Question

Question:For the joint pdf in example 3.4.7,determine whether or not X and Y are independent.

Short answer

X and Y are not independent.

Step-by-step solution

Given information.

Given

\(f\left( {x,y} \right) = \left\{ \begin{array}{l}c{x^2}y for {x^2} \le y \le 1\\0 otherwise\end{array} \right.\)

Calculating value of C

Firstly, we will find the value of c

\(\begin{array}{c}\int\limits_{ - \infty }^\infty {\int\limits_{ - \infty }^\infty {f\left( {x,y} \right)dxdy = \int\limits_s {\int {f\left( {x,y} \right)} dxdy} } } \\ = \int\limits_{ - 1}^1 {\int\limits_{{x^2}}^1 {c{x^2}ydydx} } \\ = \frac{4}{{21}}c\\c = \frac{{21}}{4}\end{array}\)

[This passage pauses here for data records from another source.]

lemma calL2_eq_reflected:
  assumes "Im w < 0 \<or> (0 < Re w \<and> Re w < 1)"
  shows "calL2 w = Li2_inversion_poly w - Li2 (exp (- 2 * pi * \<i> * w))"
proof (cases "Im w < 0")
  case True
  then show ?thesis
    by (simp add: calL2_def Li2_inversion_poly_def)
next
  case False
  then have "0 < Re w" "Re w < 1"
    using assms by auto
  then have "calL2 w = Li2 (exp (2 * pi * \<i> * w))"
    "Li2 (exp (2 * pi * \<i> * w)) + Li2 (exp (- 2 * pi * \<i> * w)) = Li2_inversion_poly w"
    by (blast intro: calL2_unit_strip Li2_exp_inversion)+
  then show ?thesis
    by (metis add_diff_cancel_right')
qed

section \<open>The function F\<close>

lemma kappa_pos: "kappa > 0"
  by (simp add: kappa_def)

lemma xi_nonzero: "xi p \<noteq> 0"
proof -
  have "Re (xi p) = kappa"
    by (simp add: xi_def)
  then show ?thesis
    using kappa_pos by auto
qed

definition Fp_arg_minus :: "nat \<Rightarrow> complex \<Rightarrow> complex" where
  "Fp_arg_minus p z = xi p * (1 - z) / (2 * pi * \<i>) - of_nat p + 1"

definition Fp_arg_plus :: "nat \<Rightarrow> complex \<Rightarrow> complex" where
  "Fp_arg_plus p z = xi p * (1 + z) / (2 * pi * \<i>) - of_nat p"

lemma Fp_eq_calL2_args:
  "Fp p z = (calL2 (Fp_arg_minus p z) - calL2 (Fp_arg_plus p z)) / xi p
            - of_real kappa * z + 4 * of_nat p * of_real (pi ^ 2) / xi p"
  by (simp add: Fp_def Fp_arg_minus_def Fp_arg_plus_def)

lemma Fp_args_eq:
  "Fp_arg_minus p z = 1 - \<i> * (of_real kappa - xi p * z) / (2 * pi)"
  "Fp_arg_plus p z = - \<i> * (of_real kappa + xi p * z) / (2 * pi)"
  unfolding Fp_arg_minus_def Fp_arg_plus_def xi_def by (simp_all add: field_simps)

lemma Re_Im_Fp_args:
  "Re (Fp_arg_minus p z) = 1 - Im (xi p * z) / (2 * pi)"
  "Im (Fp_arg_minus p z) = (Re (xi p * z) - kappa) / (2 * pi)"
  "Re (Fp_arg_plus p z) = Im (xi p * z) / (2 * pi)"
  "Im (Fp_arg_plus p z) = - (kappa + Re (xi p * z)) / (2 * pi)"
  unfolding Fp_args_eq by (simp_all add: field_simps)

lemma Fp_args_in_unit_strip:
  assumes "0 < Im (xi p * z)" "Im (xi p * z) < 2 * pi"
  shows "0 < Re (Fp_arg_minus p z) \<and> Re (Fp_arg_minus p z) < 1"
    and "0 < Re (Fp_arg_plus p z) \<and> Re (Fp_arg_plus p z) < 1"
  using assms by (simp_all add: Re_Im_Fp_args field_simps)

Step 3:  Compute the probability

The marginal density of\(X,f\left( x \right)\)is

\(\begin{array}{c}X,f\left( x \right) = \int\limits_0^1 {\frac{{21}}{4}{x^2}ydy} \\ = \frac{{21{x^2}}}{8}.......(1)\end{array}\)

The marginal density of\(Y,f\left( y \right)\)is

\(\begin{array}{c}Y,f\left( y \right) = \int\limits_{{x^2}}^1 {\frac{{21}}{4}{x^2}ydx} \\ = - \frac{7}{4}\left( {{x^6} - 1} \right)y......\left( 2 \right)\end{array}\)

From (1) and (2) we can say that

\(\begin{array}{c}f\left( x \right) \times f\left( y \right) = \frac{{147y\left( {1 - {x^2}} \right){x^6}}}{{32}}\\ \ne f(x,y)\end{array}\)

Hence we can conclude that X and Y are not independent.